It’s probably no coincidence that, statewide, California voters have more trust in the initiative process than in their legislature. Districts are apportioned by population, not by number of voters, so members who come from poor and minority dis­tricts with lower registration rates have many fewer voters than those from affluent conservative districts. The legislature thus tends to be more liberal and disproportionately more responsive to Latinos than the electorate as a whole.

In response, the voters use the initiative to trump the politicians. And if there’s been a collective message in those votes, it’s been to maintain the status quo, despite California’s fa­­mous­­ly dysfunctional governmental and fiscal system: the stringent property-tax limitations imposed by Prop 13 and its progeny, the rigid term limits for legislators, the complex constitutional spending formulas and the resulting confusion between state and local authority. Maintenance of clunky government seems for the moment the price the electorate is willing to pay to keep the newcomers and the services they get in check. The voters tell poll­­sters they want this creaky system to work, but do they really? California, with a tax load that, as a percentage of income, is below the national average, is stuck between its desire for quality services and its unwillingness to pay the commensurate taxes those services require.

That’s hardly a novel problem, but in California it may also have a lot to do with the reluctance of the people in the exclusive electorate to fund schools and other serv­ices generously for people who are not like themselves, and particularly for people who they believe shouldn’t be in this country in the first place. Whenever stories appear about crowded schools or refuting assertions that immigrants are taking the jobs and undercutting the wages of willing American workers, e-mails fly about “the burden of millions of illiterate Mexicans flooding into our schools and hospitals,” or just about “the illegal Mexican peons.” It’s hard to know how representative those messages are–often they echo conservative radio talkers who seem to specialize in the issue–but they also reflect more objective research about voting preferences. “Shares of spending on productive public goods–education, roads, sewers and trash pickup–in U.S. cities (metro areas/urban counties) are inversely related to the [area’s] ethnic fragmentation,” wrote Harvard economist Alberto Alesina and two colleagues in The Quarterly Journal of Economics. Or, in the words of Peter Lindert, an economic historian at the University of California, Davis:

The more a middle-income voter looks at the likely recipient of public aid and says “that could be me” (or my daughter, or my whole family), the greater that voter’s willingness to vote for taxes to fund such aid. Affinity would be fostered by ethnic homogeneity between middle-income voters and the perceived recipients. Conversely, ethnic division would create suspicions that taxpayers’ money will be turned over to “them.”

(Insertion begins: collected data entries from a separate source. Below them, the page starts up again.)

lemma rank_off_p_chain: "\<not> on_p_chain (ph, anc_node par q l) \<Longrightarrow> rank (ph, anc_node par q l) = down_hops l"
  and potential_off_p_chain: "\<not> on_p_chain (ph, anc_node par q l) \<Longrightarrow> potential (ph, anc_node par q l) = down_length l"
  by (simp_all add: rank_def potential_def)

lemma dist_down_le: "l' \<le> l \<Longrightarrow> l \<le> L \<Longrightarrow>
    d (up par 0 q l) (up par 0 q l') \<le> down_length l - down_length l'"
  using dist_up_le_climb_length[OF q_in, of l' l] d_sym[OF up_in_M[OF q_in] up_in_M[OF q_in], of l l']
  by (simp add: down_length_def climb_length_split[of 0 l' l])

lemma dist_up_le: "l \<le> j \<Longrightarrow> j \<le> cross_level \<Longrightarrow>
    d (up par 0 p l) (up par 0 p j) \<le> up_length l - up_length j"
  using dist_up_le_climb_length[OF p_in, of l j] cross_level_le_top
  by (simp add: up_length_def climb_length_split[of l j cross_level])

lemma descend_step_light:
  assumes "0 < l" "l \<le> cross_level" "l \<le> h_light"
  obtains l' where "l' < l" "descend_step par sr h_light q (anc_node par q l) = anc_node par q l'"
    "down_hops l' < down_hops l" "spanner_edge d par \<gamma> S (anc_node par q l) (anc_node par q l')"
proof -
  have l: "l \<le> L" using assms(2) cross_level_le_top by simp
  obtain j where j: "sr (anc_node par q l) (anc_node par q 0) = anc_node par q j" "j \<le> l" "j \<noteq> l"
      "spanner_edge d par \<gamma> S (anc_node par q l) (anc_node par q j)"
    using router_step_on_chain[OF q_in l _ assms(3), of 0] assms(1) by auto
  have "down_hops j < down_hops l"
    using router_steps_to_less[OF q_in l _ assms(3), of 0] assms(1,3) j(1-3) by (simp add: down_hops_def)
  moreover have "descend_step par sr h_light q (anc_node par q l) = anc_node par q j"
    using assms(3) j(1) by (simp add: descend_step_def anc_node_0)
  ultimately show ?thesis using that[of j] j(2-4) by simp
qed

lemma descend_step_heavy:
  assumes "h_light < l"
  shows "descend_step par sr h_light q (anc_node par q l) = anc_node par q (l - 1)"
    and "down_hops (l - 1) < down_hops l"
proof -
  show "descend_step par sr h_light q (anc_node par q l) = anc_node par q (l - 1)"
    using assms by (simp add: descend_step_def anc_node_def)
  show "down_hops (l - 1) < down_hops l"
  proof (cases "l - 1 \<le> h_light")
    case True
    then have "l - 1 = h_light" using assms by simp
    then show ?thesis using assms by (simp add: down_hops_def)
  next
    case False
    then show ?thesis using assms by (simp add: down_hops_def)
  qed
qed

lemma descend_step_on_q_chain:
  assumes "0 < l" "l \<le> cross_level"
  obtains l' where "l' < l" "descend_step par sr h_light q (anc_node par q l) = anc_node par q l'"
    "down_hops l' < down_hops l" "spanner_edge d par \<gamma> S (anc_node par q l) (anc_node par q l')"
proof (cases "l \<le> h_light")
  case True
  with descend_step_light[OF assms] that show ?thesis by blast
next
  case False
  have "spanner_edge d par \<gamma> S (anc_node par q l) (anc_node par q (l - 1))"
    using spanner_edge_anc_node_Suc(2)[of d par \<gamma> S q "l - 1"] assms(1) by simp
  with that[of "l - 1"] descend_step_heavy[of l] False assms(1) show ?thesis by simp
qed

lemma progress_descend:
  assumes "0 < l" "l \<le> cross_level" "\<not> on_p_chain (ph, anc_node par q l)"
    and "route (ph, anc_node par q l) = (Desc, descend_step par sr h_light q (anc_node par q l))"
  shows "progress (ph, anc_node par q l) (route (ph, anc_node par q l))"
proof -
  obtain l' where l': "l' < l" "descend_step par sr h_light q (anc_node par q l) = anc_node par q l'"
    "down_hops l' < down_hops l" "spanner_edge d par \<gamma> S (anc_node par q l) (anc_node par q l')"
    using descend_step_on_q_chain[OF assms(1,2)] by blast
  have off: "\<not> on_p_chain (Desc, anc_node par q l')" by (simp add: on_p_chain_def)
  have "d (up par 0 q l) (up par 0 q l') \<le> down_length l - down_length l'"
    using l'(1) assms(2) cross_level_le_top by (intro dist_down_le) auto
  moreover have "route_inv (Desc, anc_node par q l')" using l'(1) assms(2) by (intro route_inv_desc) simp
  moreover have "anc_node par q l' \<noteq> anc_node par q l" using l'(1) by (simp add: anc_node_eq_iff)
  ultimately show ?thesis unfolding assms(4) l'(2) progress_def
    using l'(3,4) rank_off_p_chain[OF assms(3)] potential_off_p_chain[OF assms(3)]
      rank_off_p_chain[OF off] potential_off_p_chain[OF off] by simp
qed

lemma progress_ascend_light:
  assumes "l < light_goal"
  shows "progress (Asc, anc_node par p l) (route (Asc, anc_node par p l))"
proof -
  have lh: "l < h_light" and lL: "l \<le> L" "light_goal \<le> L" and ne: "l \<noteq> light_goal"
    using assms light_goal_le cross_level_le_top by auto
  note chain = p_in lL less_imp_le[OF lh] light_goal_le(2) ne
  obtain j where j: "sr (anc_node par p l) (anc_node par p light_goal) = anc_node par p j"
      "min l light_goal \<le> j" "j \<le> max l light_goal" "j \<noteq> l"
      "spanner_edge d par \<gamma> S (anc_node par p l) (anc_node par p j)"
    using router_step_on_chain[OF chain] by blast
  have "route (Asc, anc_node par p l) = (Asc, anc_node par p j)"
    using route_ascend[of l] assms lh light_goal_le(1) j(1)
    by (simp add: ascend_step_def Let_def light_goal_def target_def anc_node_def up_0_add)
  moreover have "up_hops Asc j < up_hops Asc l"
    using router_steps_to_less[OF chain] assms j(1-4) by (simp add: up_hops_def)
  moreover have "d (up par 0 p l) (up par 0 p j) \<le> up_length l - up_length j"
    using j(2,3) assms light_goal_le(3) by (intro dist_up_le) auto
  moreover have "route_inv (Asc, anc_node par p j)"
    using j(3) assms light_goal_le(1) by (intro route_inv_asc) simp
  moreover have "anc_node par p j \<noteq> anc_node par p l" using j(4) by (simp add: anc_node_eq_iff)
  ultimately show ?thesis unfolding progress_def using j(5) by (simp add: rank_p_chain potential_p_chain)
qed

There’s ample evidence in our own history–the attempts, for example, of Massachusetts Yankees a century ago to create new government institutions for Boston to keep political and fiscal control away from the Irish and other immigrant political groups. As Harvard political scientist Louis Hartz cogently argued a half-century ago, even the Framers of the Constitution, fearing the potential political power of working-class voters and the possibility of leveling assaults from below on their property and that of others, created a system of government checks and balances that was supposed to work as slowly as possible, if at all. The most progressive period in our history–the years of the New Deal and the Great Society, roughly from the early thirties to 1966–was also the time when immigration was at a historic low. The same was true for California in the generation after World War II, when the state’s immigrants came from Iowa, Kansas and Wisconsin, not from Michoacán, Zacatecas or the Philip­pines, and when the state went on an unprecedented spree of public investment–in water systems, roads, parks, schools, uni­versity campuses–and when it vastly expanded its social pro­grams. (Few people recall that in 1967 Governor Ronald Reagan–yes that Reagan–signed the biggest tax increase in California’s history.) In 1960, for the most part, the voters were also the population.

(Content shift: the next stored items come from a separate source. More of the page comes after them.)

lemma projective_linear_form_character_sum_eq_0:
  assumes lin: "z4_linear_code n C" and proj: "z4_projective n C"
    and f: "k < n" "f k \<noteq> 0" "(\<Sum>k<n. lee (f k)) < 3"
  shows "(\<Sum>c\<in>C. z4_char (\<Sum>k<n. c ! k * f k)) = 0"
proof -
  have "map f [0..<n] ! k \<noteq> replicate n 0 ! k"
    using f by simp
  then have "map f [0..<n] \<noteq> replicate n 0"
    by metis
  then have "(\<Sum>c\<in>C. z4_char (inner4 c (map f [0..<n]))) = 0"
    using projective_character_sum_eq_0[OF lin proj] f by (simp add: lee_wt_map_upt)
  then show ?thesis
    using lin by (simp add: inner4_map_upt z4_linear_code_length)
qed

lemma coordinate_character_Re_sum_eq_0:
  assumes lin: "z4_linear_code n C" and proj: "z4_projective n C"
    and i: "i < n" and a: "a \<noteq> 0"
  shows "(\<Sum>c\<in>C. Re (z4_char (a * c ! i))) = 0"
proof -
  have "(\<Sum>k<n. lee (if k = i then a else 0)) = lee a"
    using i by (simp add: if_distrib[of lee] cong: if_cong)
  also have "\<dots> < 3" by (simp add: lee_def)
  finally have "(\<Sum>c\<in>C. z4_char (a * c ! i)) = 0"
    using projective_linear_form_character_sum_eq_0[OF lin proj i, of "\<lambda>k. if k = i then a else 0"]
      a i
    by (simp add: if_distrib[where f = "(*) x" for x] mult.commute cong: if_cong)
  then show ?thesis
    by (simp flip: Re_sum)
qed

lemma two_coordinate_character_Re_sum_eq_0:
  assumes lin: "z4_linear_code n C" and proj: "z4_projective n C"
    and ij: "i < n" "j < n" "i \<noteq> j" and a: "a \<noteq> 0" and ab: "lee a + lee b < 3"
  shows "(\<Sum>c\<in>C. Re (z4_char (a * c ! i + b * c ! j))) = 0"
proof -
  define f where "f k = (if k = i then a else 0) + (if k = j then b else 0)" for k
  have "(\<Sum>k<n. lee (f k))
      \<le> (\<Sum>k<n. lee (if k = i then a else 0) + lee (if k = j then b else 0))"
    unfolding f_def by (intro sum_mono lee_add_le)
  also have "\<dots> = lee a + lee b"
    using ij by (simp add: sum.distrib if_distrib[of lee] cong: if_cong)
  finally have "(\<Sum>k<n. lee (f k)) < 3"
    using ab by linarith
  moreover have "f i \<noteq> 0"
    using ij a by (simp add: f_def)
  moreover have "(\<Sum>k<n. c ! k * f k) = a * c ! i + b * c ! j" for c
    using ij
    by (simp add: f_def distrib_left sum.distrib if_distrib[where f = "(*) x" for x] mult.commute
        cong: if_cong)
  ultimately have "(\<Sum>c\<in>C. z4_char (a * c ! i + b * c ! j)) = 0"
    using projective_linear_form_character_sum_eq_0[OF lin proj ij(1), of f] by simp
  then show ?thesis
    by (simp flip: Re_sum)
qed

lemma coordinate_lee_sum:
  assumes lin: "z4_linear_code n C" and proj: "z4_projective n C" and i: "i < n"
  shows "(\<Sum>c\<in>C. real (lee (c ! i))) = card C"
proof -
  have "(\<Sum>c\<in>C. real (lee (c ! i))) = card C - (\<Sum>c\<in>C. Re (z4_char (1 * c ! i)))"
    by (simp add: lee_eq_Re_z4_char sum_subtractf)
  then show ?thesis
    using coordinate_character_Re_sum_eq_0[OF lin proj i, of 1] by simp
qed

lemma coordinate_lee_square_sum:
  assumes lin: "z4_linear_code n C" and proj: "z4_projective n C" and i: "i < n"
  shows "(\<Sum>c\<in>C. real (lee (c ! i)) ^ 2) = 3 / 2 * card C"
proof -
  have "(\<Sum>c\<in>C. real (lee (c ! i)) ^ 2) = 3 / 2 * card C
      - 2 * (\<Sum>c\<in>C. Re (z4_char (1 * c ! i))) + (\<Sum>c\<in>C. Re (z4_char (2 * c ! i))) / 2"
    by (simp add: lee_square_eq_Re_z4_char sum.distrib sum_subtractf sum_distrib_left
        sum_divide_distrib)
  then show ?thesis
    using coordinate_character_Re_sum_eq_0[OF lin proj i, of 1]
      coordinate_character_Re_sum_eq_0[OF lin proj i, of 2] by simp
qed

lemma two_coordinate_lee_product_sum:
  assumes lin: "z4_linear_code n C" and proj: "z4_projective n C"
    and ij: "i < n" "j < n" "i \<noteq> j"
  shows "(\<Sum>c\<in>C. real (lee (c ! i)) * real (lee (c ! j))) = card C"
proof -
  have "(\<Sum>c\<in>C. real (lee (c ! i)) * real (lee (c ! j))) = card C
      - (\<Sum>c\<in>C. Re (z4_char (1 * c ! i))) - (\<Sum>c\<in>C. Re (z4_char (1 * c ! j)))
      + (\<Sum>c\<in>C. Re (z4_char (1 * c ! i + 1 * c ! j))) / 2
      + (\<Sum>c\<in>C. Re (z4_char (1 * c ! i + 3 * c ! j))) / 2"
    by (simp add: lee_times_lee_eq_Re_z4_char sum.distrib sum_subtractf sum_divide_distrib)
  moreover have "lee 1 + lee 1 < 3" "lee 1 + lee 3 < 3"
    by (simp_all add: lee_def)
  ultimately show ?thesis
    using coordinate_character_Re_sum_eq_0[OF lin proj ij(1), of 1]
      coordinate_character_Re_sum_eq_0[OF lin proj ij(2), of 1]
      two_coordinate_character_Re_sum_eq_0[OF lin proj ij, of 1 1]
      two_coordinate_character_Re_sum_eq_0[OF lin proj ij, of 1 3]
    by simp
qed

lemma lee_wt_first_moment:
  assumes lin: "z4_linear_code n C" and proj: "z4_projective n C"
  shows "(\<Sum>c\<in>C. real (lee_wt c)) = n * card C"
proof -
  have "(\<Sum>c\<in>C. real (lee_wt c)) = (\<Sum>c\<in>C. \<Sum>i<n. real (lee (c ! i)))"
    using lin by (intro sum.cong) (simp_all add: lee_wt_sum z4_linear_code_length)
  also have "\<dots> = (\<Sum>i<n. \<Sum>c\<in>C. real (lee (c ! i)))"
    by (rule sum.swap)
  also have "\<dots> = n * card C"
    using coordinate_lee_sum[OF lin proj] by simp
  finally show ?thesis .
qed

lemma lee_wt_second_moment:
  assumes lin: "z4_linear_code n C" and proj: "z4_projective n C"
  shows "(\<Sum>c\<in>C. real (lee_wt c) ^ 2) = card C * (real n ^ 2 + n / 2)"
proof -
  have "(\<Sum>c\<in>C. real (lee_wt c) ^ 2)
      = (\<Sum>c\<in>C. \<Sum>i<n. \<Sum>j<n. real (lee (c ! i)) * real (lee (c ! j)))"
    using lin
    by (intro sum.cong)
      (simp_all add: lee_wt_sum z4_linear_code_length power2_eq_square sum_product)
  also have "\<dots> = (\<Sum>i<n. \<Sum>j<n. \<Sum>c\<in>C. real (lee (c ! i)) * real (lee (c ! j)))"
    by (simp add: sum.swap[of _ C])
  also have "\<dots> = (\<Sum>i<n. \<Sum>j<n. card C + (if j = i then card C / 2 else 0))"
  proof (intro sum.cong refl)
    fix i j assume "i \<in> {..<n}" "j \<in> {..<n}"
    then show "(\<Sum>c\<in>C. real (lee (c ! i)) * real (lee (c ! j)))
        = card C + (if j = i then card C / 2 else 0)"
      using coordinate_lee_square_sum[OF lin proj, of i]
        two_coordinate_lee_product_sum[OF lin proj, of i j]
      by (auto simp: power2_eq_square)
  qed
  also have "\<dots> = card C * (real n ^ 2 + n / 2)"
    by (simp add: sum.distrib algebra_simps power2_eq_square)
  finally show ?thesis .
qed

lemma two_weight_moment_identity:
  assumes lin: "z4_linear_code n C" and proj: "z4_projective n C"
    and wt: "lee_wt ` (C - {replicate n 0}) \<subseteq> {w1, w2}"
  shows "card C * ((real n - w1) * (real n - w2) + n / 2) = w1 * w2"
proof -
  define p where "p c = (real (lee_wt c) - w1) * (real (lee_wt c) - w2)" for c
  have fin: "finite C"
    using lin by (rule z4_linear_code_finite)
  have zero: "replicate n 0 \<in> C"
    using lin by (simp add: z4_linear_code_def)
  have "(\<Sum>c\<in>C. p c) = p (replicate n 0) + (\<Sum>c\<in>C - {replicate n 0}. p c)"
    by (rule sum.remove[OF fin zero])
  also have "(\<Sum>c\<in>C - {replicate n 0}. p c) = 0"
    using wt by (intro sum.neutral) (auto simp: p_def)
  finally have "(\<Sum>c\<in>C. p c) = w1 * w2"
    by (simp add: p_def)
  moreover have "(\<Sum>c\<in>C. p c) = (\<Sum>c\<in>C. real (lee_wt c) ^ 2)
      - (w1 + w2) * (\<Sum>c\<in>C. real (lee_wt c)) + w1 * w2 * card C"
    by (simp add: p_def algebra_simps power2_eq_square sum.distrib sum_subtractf sum_distrib_left)
  ultimately show ?thesis
    unfolding lee_wt_first_moment[OF lin proj] lee_wt_second_moment[OF lin proj]
    by (simp add: algebra_simps power2_eq_square)
qed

Prop 13, which passed overwhelmingly in 1978 and was probably the biggest of California’s modern political earthquakes, marked the crashing end of that era. Reinforced by the rapid rise in non-European immigration made possible by the end (in 1965) of the national-origins immigration quotas, California’s very success as the realization of the American dream created the consequences–crowding, pollution, social tension and rising taxes–that set off the backlash. Because of its excessive historic optimism from the Gold Rush on, Richard Rodriguez has argued, California has always been the state of disappointment. Prop 13 and the great wave of other restrictive initiatives that followed–term limits; Prop 187; Prop 209, the prohibition against affirmative action in education and public employment, which has since been cloned in Washington and Michigan, among many other states–were expressions of that backlash. In the years after 1978, funding for schools and other services went from among the highest in the nation to below average and often well below.

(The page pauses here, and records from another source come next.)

lemma fc_bsym_code_wtb_redundancy_ge:
  fixes p :: "'a::{finite,zero_neq_one} list \<Rightarrow> 'a list"
  assumes code: "fc_bsym_code b t (wtb b) k r p" and "0 < b" "b \<le> t" "t < k"
  shows "5 * real (card (UNIV :: 'a set)) ^ b * (real t - real b + 2) * (real t - real b + 1)
      / (3 * (real (card (UNIV :: 'a set)) ^ b - 1) * (real t - real b + 3)) \<le> real r"
proof -
  define M where "M = t - b + 3"
  define X where "X i = unary_word k i @ p (unary_word k i)" for i
  define Q where "Q = real (card (UNIV :: 'a set)) ^ b"
  define m where "m = real t - real b + 1"
  have "real (2 * t + 1) * (real M * (real M - 1)) \<le> (\<Sum>i<M. \<Sum>j<M. real (db b (X i) (X j)))"
    unfolding X_def using assms
    by (intro sum_pairs_ge_if_offdiag_ge fc_bsym_code_wtb_unary_far) (auto simp: M_def)
  also have "\<dots> \<le> real (M + 1) * real M * (real M - 1) / 3 + real M * (real M - 1) * (real b - 1)
      + real (r + b - 1) * real M ^ 2 * (1 - 1 / Q)"
    unfolding X_def Q_def
    by (rule sum_pairs_db_unary_codewords_le) (use code assms in \<open>auto simp: fc_bsym_code_def\<close>)
  finally have pairs: "real (2 * t + 1) * (real M * (real M - 1))
      \<le> real (M + 1) * real M * (real M - 1) / 3 + real M * (real M - 1) * (real b - 1)
        + real (r + b - 1) * real M ^ 2 * (1 - 1 / Q)" .
  have "real (M + 1) = m + 3" "real M = m + 2" "m + 2 - 1 = m + 1"
    "real (2 * t + 1) = 2 * m + 2 * real b - 1" "real (r + b - 1) = real r + real b - 1"
    using assms by (simp_all add: M_def m_def)
  from pairs[unfolded this] have "5 * Q * (m + 1) * m / (3 * (Q - 1) * (m + 2)) \<le> r"
  proof (rule redundancy_bound_arith)
    show "1 < Q"
      using two_le_card_UNIV[where 'a = 'a] assms(2) unfolding Q_def
      by (intro one_less_power) auto
    show "2 * m \<le> real r"
      using fc_bsym_code_wtb_single_pair_bound[OF code] assms unfolding m_def by simp
  qed (use assms in \<open>auto simp: m_def\<close>)
  moreover have "real t - real b + 2 = m + 1" "real t - real b + 1 = m" "real t - real b + 3 = m + 2"
    by (simp_all add: m_def)
  ultimately show ?thesis
    by (simp only: Q_def)
qed

lemma wtb_le_length: "wtb b x \<le> length x"
proof -
  have "wtb b x \<le> card {..<length x}"
    unfolding wtb_def db_def by (rule card_mono) auto
  then show ?thesis
    by simp
qed

(* Some code has to exist: otherwise rb, a LEAST over an empty set, would be a junk value. *)
definition repeated_unit_vector :: "nat \<Rightarrow> nat \<Rightarrow> nat \<Rightarrow> 'a::zero_neq_one list" where
  "repeated_unit_vector n c v = map (\<lambda>i. if i div c = v then 1 else 0) [0..<(n + 1) * c]"

lemma length_repeated_unit_vector [simp]: "length (repeated_unit_vector n c v) = (n + 1) * c"
  by (simp add: repeated_unit_vector_def)

lemma repeated_unit_vectors_differ:
  fixes x y :: "'a::zero_neq_one list" and n c v w :: nat
  assumes "length y = length x" "v \<le> n" "v \<noteq> w"
  defines "z1 \<equiv> x @ repeated_unit_vector n c v" and "z2 \<equiv> y @ repeated_unit_vector n c w"
  shows "c \<le> card {i. i < length z1 \<and> z1 ! i \<noteq> z2 ! i}"
proof -
  have "{length x + v * c..<length x + v * c + c} \<subseteq> {i. i < length z1 \<and> z1 ! i \<noteq> z2 ! i}"
  proof
    fix i
    assume "i \<in> {length x + v * c..<length x + v * c + c}"
    then obtain d where i: "i = length x + (v * c + d)" and "d < c"
      by (intro that[of "i - length x - v * c"]) auto
    have "v * c + c \<le> (n + 1) * c"
      using \<open>v \<le> n\<close> by (simp add: mult_right_mono)
    then have "v * c + d < (n + 1) * c"
      using \<open>d < c\<close> by linarith
    moreover have "(v * c + d) div c = v"
      using \<open>d < c\<close> by simp
    ultimately have "repeated_unit_vector n c v ! (v * c + d) = (1 :: 'a)"
      "repeated_unit_vector n c w ! (v * c + d) = (0 :: 'a)"
      using \<open>v \<noteq> w\<close> by (simp_all add: repeated_unit_vector_def)
    moreover have "z1 ! i = repeated_unit_vector n c v ! (v * c + d)"
      "z2 ! i = repeated_unit_vector n c w ! (v * c + d)"
      using i assms(1) by (simp_all add: z1_def z2_def nth_append)
    moreover have "i < length z1"
      using i \<open>v * c + d < (n + 1) * c\<close> by (simp add: z1_def)
    ultimately show "i \<in> {i. i < length z1 \<and> z1 ! i \<noteq> z2 ! i}"
      by simp
  qed
  then have "card {length x + v * c..<length x + v * c + c} \<le> card {i. i < length z1 \<and> z1 ! i \<noteq> z2 ! i}"
    by (rule card_mono[rotated]) simp
  then show ?thesis
    by simp
qed

lemma fc_bsym_code_repeated_unit_vector:
  assumes "0 < b" and range: "\<And>x. length x = k \<Longrightarrow> f x \<le> n"
  shows "fc_bsym_code b t f k ((n + 1) * (2 * t + 1))
           (\<lambda>x. repeated_unit_vector n (2 * t + 1) (f x) :: 'a::zero_neq_one list)"
  unfolding fc_bsym_code_def
proof (intro conjI allI impI)
  fix x1 x2 :: "'a list"
  assume "length x1 = k" "length x2 = k" "f x1 \<noteq> f x2"
  then have "2 * t + 1 \<le> card {i. i < length (x1 @ repeated_unit_vector n (2 * t + 1) (f x1))
      \<and> (x1 @ repeated_unit_vector n (2 * t + 1) (f x1)) ! i \<noteq> (x2 @ repeated_unit_vector n (2 * t + 1) (f x2)) ! i}"
    by (intro repeated_unit_vectors_differ range) simp_all
  also have "\<dots> \<le> db b (x1 @ repeated_unit_vector n (2 * t + 1) (f x1)) (x2 @ repeated_unit_vector n (2 * t + 1) (f x2))"
    using \<open>length x1 = k\<close> \<open>length x2 = k\<close> \<open>0 < b\<close> by (intro hamming_le_db) simp_all
  finally show "2 * t + 1 \<le> db b (x1 @ repeated_unit_vector n (2 * t + 1) (f x1))
                               (x2 @ repeated_unit_vector n (2 * t + 1) (f x2))" .
qed simp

Like the nation itself, Californians are ambivalent about immigrants. California allows illegal immigrants to pay in-state tuition at its public colleges, but doesn’t grant them financial aid. During the anti-immigrant era of the early 1990s, it en­­acted a law prohibiting undocumented immigrants from ob­­taining driver’s licenses, a prohibition that was briefly reversed in 2003, then quickly restored. Now, Governor Schwarzenegger, as part of a comprehensive state health insurance program, wants to give undocumented immigrant kids health insurance, something his own party vehemently opposes.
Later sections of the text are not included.